Work request | Below are entries; output exactly the lines from the one with "(simp_all add: g_def)" to the one with "int i \<le>", both included, and nothing else.

• • • • • • •

subsection \<open>Odd maps to spheres and the index\<close>

lemma odd_map_to_sphere:
  fixes F :: "'q \<Rightarrow> 'a::topological_space \<Rightarrow> real"
  assumes "finite Q" and cont: "\<And>q. q \<in> Q \<Longrightarrow> continuous_on X (F q)"
    and nonzero: "\<And>x. x \<in> X \<Longrightarrow> \<exists>q\<in>Q. F q x \<noteq> 0"
    and odd: "\<And>q x. q \<in> Q \<Longrightarrow> x \<in> X \<Longrightarrow> F q (\<tau> x) = - F q x"
  shows "\<exists>g. continuous_on X g \<and> g ` X \<subseteq> sphere_d (int (card Q) - 1) \<and>
    (\<forall>x\<in>X. g (\<tau> x) = - g x)"
proof -
  define k where "k = card Q"
  obtain h where h: "bij_betw h {..<k} Q"
    using ex_bij_betw_nat_finite[OF assms(1)] unfolding k_def atLeast0LessThan by blast
  have hQ: "h j \<in> Q" if "j < k" for j using h that unfolding bij_betw_def by auto
  define N where "N x = sqrt (\<Sum>j<k. (F (h j) x)\<^sup>2)" for x
  define g where "g x = (\<lambda>j. if j < k then F (h j) x / N x else 0)" for x
  have N_pos: "N x > 0" if x: "x \<in> X" for x
  proof -
    obtain q where "q \<in> Q" "F q x \<noteq> 0" using nonzero[OF x] by blast
    then have "(\<Sum>q\<in>Q. (F q x)\<^sup>2) > 0" by (intro sum_pos2[OF assms(1)]) auto
    then show ?thesis unfolding N_def using sum.reindex_bij_betw[OF h, of "\<lambda>q. (F q x)\<^sup>2"] by simp
  qed
  have "continuous_on X N" unfolding N_def by (auto intro!: continuous_intros cont hQ)
  then have "continuous_on X (\<lambda>x. F (h j) x / N x)" if "j < k" for j
    using N_pos by (intro continuous_on_divide cont hQ that) (simp_all add: order_less_imp_not_eq2)
  then have "continuous_on X (\<lambda>x. g x j)" for j
    by (cases "j < k") (simp_all add: g_def)
  then have "continuous_on X g" by (rule continuous_on_coordinatewise_then_product)
  moreover have "g x \<in> sphere_d (int k - 1)" if x: "x \<in> X" for x
  proof -
    have coords: "{i. int i \<le> int k - 1} = {..<k}" by auto
    have "(\<Sum>j<k. (F (h j) x)\<^sup>2) = (N x)\<^sup>2" unfolding N_def by (simp add: sum_nonneg)
    then have "(\<Sum>j<k. (g x j)\<^sup>2) = 1"
      using N_pos[OF x] unfolding g_def by (simp add: power_divide flip: sum_divide_distrib)
    then show ?thesis unfolding sphere_d_def coords by (simp add: g_def)
  qed
  moreover have "g (\<tau> x) = - g x" if x: "x \<in> X" for x
  proof -
    have "N (\<tau> x) = N x" using odd[OF hQ x] unfolding N_def by simp
    then show ?thesis using odd[OF hQ x] unfolding g_def by (simp add: fun_eq_iff)
  qed
  ultimately show ?thesis unfolding k_def by blast
qed

lemma Least_int_le:
  fixes P :: "int \<Rightarrow> bool"
  assumes "P d" and bounded: "\<And>e. P e \<Longrightarrow> b \<le> e"
  shows "(LEAST e. P e) \<le> d"
proof -
  define D where "D = {e. P e \<and> e \<le> d}"
  have "finite D" unfolding D_def
    by (rule finite_subset[of _ "{b..d}"]) (auto dest: bounded)
  moreover have "d \<in> D" using assms(1) unfolding D_def by auto
  ultimately have min: "Min D \<in> D" "\<forall>e\<in>D. Min D \<le> e" by (auto intro: Min_in)
  have "(LEAST e. P e) = Min D"
  proof (rule Least_equality)
    show "P (Min D)" using min(1) unfolding D_def by auto
    show "Min D \<le> e" if "P e" for e
      using min that unfolding D_def by (cases "e \<le> d") auto
  qed
  then show ?thesis using min(1) unfolding D_def by auto
qed

lemma Z2_index_le:
  fixes g :: "('v \<Rightarrow> real) \<Rightarrow> nat \<Rightarrow> real"
  assumes "-1 \<le> d" "continuous_on (geom_real K) g" "g ` geom_real K \<subseteq> sphere_d d"
    and "\<forall>x\<in>geom_real K. g (x \<circ> \<nu>) = - g x"
  shows "Z2_index K \<nu> \<le> d"
  unfolding Z2_index_def using assms by (intro Least_int_le[where b = "-1"]) blast+

lemma free_Z2_complex_bij_betw:
  assumes "free_Z2_complex K \<nu>"
  shows "bij_betw \<nu> (vertices K) (vertices K)"
proof -
  have inv: "\<forall>v\<in>vertices K. \<nu> v \<in> vertices K \<and> \<nu> (\<nu> v) = v"
    using assms unfolding free_Z2_complex_def by blast
  then show ?thesis by (intro bij_betw_byWitness[where f' = \<nu>]) auto
qed


theorem theorem3p1:
  fixes K :: "'v set set" and \<nu> :: "'v \<Rightarrow> 'v"
    and lab :: "nat \<Rightarrow> 'v \<Rightarrow> int" and d :: "nat \<Rightarrow> nat" and m :: nat
  assumes "free_Z2_complex K \<nu>"
    and "\<forall>i\<in>{1..m}. fan_labeling K \<nu> (lab i)"
    and "(\<Sum>i\<in>{1..m}. int (d i)) = Z2_index K \<nu>"
  shows "\<exists>\<sigma>\<in>K. \<forall>i\<in>{1..m}. \<exists>\<tau>. \<tau> \<subseteq> \<sigma> \<and> card \<tau> = d i + 1 \<and> alternating (lab i) \<tau>"
proof (rule ccontr)
  assume no_simplex: "\<not> ?thesis"
  define Q where "Q = Sigma {1..m} (\<lambda>i. {..<d i})"
  define F where "F q = signed_moment (vertices K) (lab (fst q)) (snd q)" for q
  have K: "simplicial_complex K" using assms(1) unfolding free_Z2_complex_def by blast
  have nonzero: "\<exists>q\<in>Q. F q x \<noteq> 0" if x: "x \<in> geom_real K" for x
  proof -
    have "{v. x v \<noteq> 0} \<in> K" using x unfolding geom_real_def by blast
    then obtain i where i: "i \<in> {1..m}"
      and "\<nexists>\<tau>. \<tau> \<subseteq> {v. x v \<noteq> 0} \<and> card \<tau> = d i + 1 \<and> alternating (lab i) \<tau>"
      using no_simplex by blast
    moreover have "fan_labeling K \<nu> (lab i)" using assms(2) i by blast
    ultimately obtain p where "p < d i" "signed_moment (vertices K) (lab i) p x \<noteq> 0"
      using signed_moment_nonzero[OF K _ x] by blast
    then show ?thesis using i unfolding Q_def F_def by (intro bexI[of _ "(i, p)"]) auto
  qed
  have odd: "F q (x \<circ> \<nu>) = - F q x" if "q \<in> Q" for q x
  proof -
    have "\<forall>v\<in>vertices K. lab (fst q) (\<nu> v) = - lab (fst q) v"
      using assms(2) that unfolding Q_def fan_labeling_def by (auto simp: add_eq_0_iff)
    then show ?thesis
      unfolding F_def by (rule signed_moment_compose_odd[OF free_Z2_complex_bij_betw[OF assms(1)]])
  qed
  have "finite Q" unfolding Q_def by simp
  then obtain g where "continuous_on (geom_real K) g"
    "g ` geom_real K \<subseteq> sphere_d (int (card Q) - 1)" "\<forall>x\<in>geom_real K. g (x \<circ> \<nu>) = - g x"
    using odd_map_to_sphere[of Q "geom_real K" F "\<lambda>x. x \<circ> \<nu>"] nonzero odd
    unfolding F_def by (auto simp: continuous_on_signed_moment)
  then have "Z2_index K \<nu> \<le> int (card Q) - 1" by (intro Z2_index_le) auto
  moreover have "int (card Q) = Z2_index K \<nu>"
    using assms(3) unfolding Q_def by (simp add: card_SigmaI)
  ultimately show False by simp
qed

end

• • • • • • •

Task output |
    by (cases "j < k") (simp_all add: g_def)
  then have "continuous_on X g" by (rule continuous_on_coordinatewise_then_product)
  moreover have "g x \<in> sphere_d (int k - 1)" if x: "x \<in> X" for x
  proof -
    have coords: "{i. int i \<le> int k - 1} = {..<k}" by auto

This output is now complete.